# Setting up Cisco 8642HD



## JLajeune (Aug 24, 2007)

Need help!
I now have a Cisco 8642HD PVR and it is connected to my HT. However, the User Guide from Cisco is rather shallow (I will not use any other expletive as this is a family oriented site!) and I am looking for more information on what the different connections and set-ups do. My provider, Videotron, gives the old SA 8300HD manual in the Cisco box. The tech excused his company for doing so but had no other solutions!
Questions:
1. Should I connect L/R audio output to my amp (Pioneer VSX-816, w/out HDMI) or just the digital audio output. What if I connect both?
2. Is the Optical Digital Out a better solution and why?
3. What settings are best on the 8642HD PVR:
Audio: Digital Out > Dolby Digital or Other?

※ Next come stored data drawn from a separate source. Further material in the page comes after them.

(* Let $n\ge1$ and $K=\ker(f_{\Delta_n}\circ f_{\Delta_n^*}^* )=\ker(f_{\Delta_n^*}\circ f_{\Delta_n}^* )\cong(\mathbb{Z}/(n+1))^n\subset\mathbb{T}^n$. Then the inclusion $f_{\Delta_n^*}^*(\mathbb{T}^n)\hookrightarrow\mathbb{T}^{n+1}$ induces a group isomorphism $f_{\Delta_n^*}^*(\mathbb{T}^n)/D_{\Delta_n}\cong \mathbb{T}^{n+1}/N_{\Delta_n}$, and $f_{\Delta_n^*}^*$ induces a group isomorphism $\mathbb{T}^n/K\cong f_{\Delta_n^*}^*(\mathbb{T}^n)/D_{\Delta_n}$. Symmetrically, the inclusion induces $f_{\Delta_n}^*(\mathbb{T}^n)/D_{\Delta_n^*}\cong\mathbb{T}^{n+1}/N_{\Delta_n^*}$ and $f_{\Delta_n}^*$ induces $\mathbb{T}^n/K\cong f_{\Delta_n}^*(\mathbb{T}^n)/D_{\Delta_n^*}$. In particular $D_{\Delta_n}$ and $D_{\Delta_n^*}$ are finite.
   Context: Let $e_1,\dots,e_n$ be the standard basis of $\mathbb{R}^n$ and $\mathbf{1}=(1,\dots,1)\in\mathbb{R}^n$. Put $u_i=e_i$ for $1\le i\le n$, $u_{n+1}=-\mathbf{1}$, and $v_i=(n+1)e_i-\mathbf{1}$ for $1\le i\le n$, $v_{n+1}=-\mathbf{1}$. Define linear maps $F_{\Delta_n},F_{\Delta_n^*}:\mathbb{R}^{n+1}\to\mathbb{R}^n$ by $F_{\Delta_n}(x)=\sum_{i=1}^{n+1}x_iu_i$ and $F_{\Delta_n^*}(x)=\sum_{i=1}^{n+1}x_iv_i$, and their transposes $F_{\Delta_n}^*(y)=(u_1\cdot y,\dots,u_{n+1}\cdot y)$, $F_{\Delta_n^*}^*(y)=(v_1\cdot y,\dots,v_{n+1}\cdot y)$. Write $\mathbb{T}^k=\mathbb{R}^k/\mathbb{Z}^k$. These integer matrices induce group homomorphisms $f_{\Delta_n},f_{\Delta_n^*}:\mathbb{T}^{n+1}\to\mathbb{T}^n$ and $f_{\Delta_n}^*,f_{\Delta_n^*}^*:\mathbb{T}^n\to\mathbb{T}^{n+1}$. Let $N_{\Delta_n}=\ker f_{\Delta_n}$, $N_{\Delta_n^*}=\ker f_{\Delta_n^*}$, $D_{\Delta_n}=N_{\Delta_n}\cap f_{\Delta_n^*}^*(\mathbb{T}^n)$ and $D_{\Delta_n^*}=N_{\Delta_n^*}\cap f_{\Delta_n}^*(\mathbb{T}^n)$. *)

theory Defs
  imports "HOL-Analysis.Analysis" "HOL-Algebra.Algebra"
begin

(* Conventions: a point of R^k is a function nat => real vanishing outside {0..<k};
   the paper's indices 1..k are shifted to 0..k-1.  In particular the paper's
   u_{n+1}, v_{n+1} are u n n, v n n here. *)

(* The torus T^k = R^k / Z^k, elements represented by their unique
   representative in [0,1)^k, with componentwise addition mod 1. *)
definition torus :: "nat \<Rightarrow> (nat \<Rightarrow> real) monoid" where
  "torus k = \<lparr> carrier = {x. (\<forall>i<k. 0 \<le> x i \<and> x i < 1) \<and> (\<forall>i\<ge>k. x i = 0)},
               monoid.mult = (\<lambda>x y. \<lambda>i. frac (x i + y i)),
               one = (\<lambda>_. 0) \<rparr>"

definition e_vec :: "nat \<Rightarrow> nat \<Rightarrow> (nat \<Rightarrow> real)" where
  "e_vec n i = (\<lambda>j. if j < n \<and> j = i then 1 else 0)"

definition one_vec :: "nat \<Rightarrow> (nat \<Rightarrow> real)" where
  "one_vec n = (\<lambda>j. if j < n then 1 else 0)"

definition u_vec :: "nat \<Rightarrow> nat \<Rightarrow> (nat \<Rightarrow> real)" where
  "u_vec n i = (if i < n then e_vec n i else (\<lambda>j. - one_vec n j))"

definition v_vec :: "nat \<Rightarrow> nat \<Rightarrow> (nat \<Rightarrow> real)" where
  "v_vec n i = (if i < n then (\<lambda>j. real (n+1) * e_vec n i j - one_vec n j)
                else (\<lambda>j. - one_vec n j))"

definition dotn :: "nat \<Rightarrow> (nat \<Rightarrow> real) \<Rightarrow> (nat \<Rightarrow> real) \<Rightarrow> real" where
  "dotn n a b = (\<Sum>j<n. a j * b j)"

definition Fmap :: "(nat \<Rightarrow> nat \<Rightarrow> (nat \<Rightarrow> real)) \<Rightarrow> nat \<Rightarrow> (nat \<Rightarrow> real) \<Rightarrow> (nat \<Rightarrow> real)" where
  "Fmap w n x = (\<lambda>j. \<Sum>i\<le>n. x i * w n i j)"

definition FmapT :: "(nat \<Rightarrow> nat \<Rightarrow> (nat \<Rightarrow> real)) \<Rightarrow> nat \<Rightarrow> (nat \<Rightarrow> real) \<Rightarrow> (nat \<Rightarrow> real)" where
  "FmapT w n y = (\<lambda>i. if i \<le> n then dotn n (w n i) y else 0)"

(* induced map on tori (integer matrices): apply to representative, reduce mod 1 *)
definition tor :: "((nat \<Rightarrow> real) \<Rightarrow> (nat \<Rightarrow> real)) \<Rightarrow> (nat \<Rightarrow> real) \<Rightarrow> (nat \<Rightarrow> real)" where
  "tor F x = (\<lambda>j. frac (F x j))"

definition f_D :: "nat \<Rightarrow> (nat \<Rightarrow> real) \<Rightarrow> (nat \<Rightarrow> real)" where
  "f_D n = tor (Fmap u_vec n)"
definition f_Ds :: "nat \<Rightarrow> (nat \<Rightarrow> real) \<Rightarrow> (nat \<Rightarrow> real)" where
  "f_Ds n = tor (Fmap v_vec n)"
definition fT_D :: "nat \<Rightarrow> (nat \<Rightarrow> real) \<Rightarrow> (nat \<Rightarrow> real)" where
  "fT_D n = tor (FmapT u_vec n)"
definition fT_Ds :: "nat \<Rightarrow> (nat \<Rightarrow> real) \<Rightarrow> (nat \<Rightarrow> real)" where
  "fT_Ds n = tor (FmapT v_vec n)"

definition N_D :: "nat \<Rightarrow> (nat \<Rightarrow> real) set" where
  "N_D n = kernel (torus (n+1)) (torus n) (f_D n)"
definition N_Ds :: "nat \<Rightarrow> (nat \<Rightarrow> real) set" where
  "N_Ds n = kernel (torus (n+1)) (torus n) (f_Ds n)"
definition D_D :: "nat \<Rightarrow> (nat \<Rightarrow> real) set" where
  "D_D n = N_D n \<inter> fT_Ds n ` carrier (torus n)"
definition D_Ds :: "nat \<Rightarrow> (nat \<Rightarrow> real) set" where
  "D_Ds n = N_Ds n \<inter> fT_D n ` carrier (torus n)"

definition K_set :: "nat \<Rightarrow> (nat \<Rightarrow> real) set" where
  "K_set n = kernel (torus n) (torus n) (f_D n \<circ> fT_Ds n)"

end

theory Submission
  imports Defs
begin

(* Both composites f_Delta o f*_Delta* and f_Delta* o f*_Delta are multiplication by n+1 on T^n,
   because sum_i (v_i . y) u_i = sum_i (u_i . y) v_i = (n+1) y.  Multiplication by n+1 is onto,
   with kernel the (n+1)-torsion (Z/(n+1))^n.  Now let f : G -> H and g : H -> G be group
   homomorphisms with f o g onto.  Then every coset of ker f meets g(H), so by the second
   isomorphism theorem g(H)/(ker f \<inter> g(H)) is G/ker f, while g induces
   H/ker(f o g) = g(H)/(ker f \<inter> g(H)); and ker f \<inter> g(H) = g(ker(f o g)) is finite. *)

section \<open>Quotients attached to a pair of homomorphisms\<close>

lemma (in group_hom) image_kernel_rcos:
  assumes "x \<in> carrier G"
  shows "h ` (kernel G H h #> x) = {h x}"
proof
  show "h ` (kernel G H h #> x) \<subseteq> {h x}"
    using assms by (auto simp: kernel_def r_coset_def)
  have "\<one> \<otimes> x \<in> kernel G H h #> x"
    by (auto simp: kernel_def r_coset_def)
  then show "{h x} \<subseteq> h ` (kernel G H h #> x)"
    using assms by force
qed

I would think Dolby however, what is the difference?
Audio: Range > Narrow? What is the difference with the Wide and Normal settings?
Audio: Volume Ctrl > Fixed? What is the difference with the Variable setting?

Anyone out there optimized the connections from this equipment or know the answers? Cisco markets a product but does not appear to know what it does or doesn't do!


----------



## nholmes1 (Oct 7, 2010)

Not familiar with that particular unit but it sounds like a newer version of the 8000 series, in that case the optimum setup would be just optical as your receiver will undoubtedly have a better DAC than the STB. I would set digital out to dolby digital (other is pcm down conversion), range should be set to whatever sounds best to you, narrow is how I usually leave it for customers. As long as you plan on using your receiver for volume control you should set the vol ctrl to fixed so as not to have 2 separate volume controls which can cause distortion problems.


----------



## JLajeune (Aug 24, 2007)

Thank you for the info nholmes1,
I had not thought about using the optical output. What is the difference between the optical output vs. the digital (are they not both digital)?
I am also wondering if the setup info for the 8300HD might apply wholly for this unit. I have not used the unit for very long and am still getting familiar with the setup, use, etc.

I will try your suggestions soon as I do not have optical cables on hand.

Thanks again
JLajeune


----------



## Mike P. (Apr 6, 2007)

If this is any help, the user manual for the 8642HD is here:

http://www.cisco.com/web/consumer/support/userguides2/4026882_A.pdf


----------



## JLajeune (Aug 24, 2007)

Thanks for the info Mike P.,
I downloaded the Cisco manual immediately after the tech left my house and, while it provides the basics, the manual does not help identify all the settings the unit provides and what they do.

A well researched and written manual should identify all known settings (those readily accessible), explain each one, their use and why and when they should be used. The Cisco manual does not do that leaving one to wonder, experiment and keep wondering if there might not be a better setup.

As an ex-technical writer, I guess this is my gripe for the day ;-)

Thanks
JLajeune


----------



## Mike P. (Apr 6, 2007)

Rodgers uses the same PVR, they may have a better manual for the unit but their website is currently unavailable.


----------



## nholmes1 (Oct 7, 2010)

Sorry they don't all have digital coax so I was suggesting optical, technically they should be the same as far as sound quality and output capabilities.


----------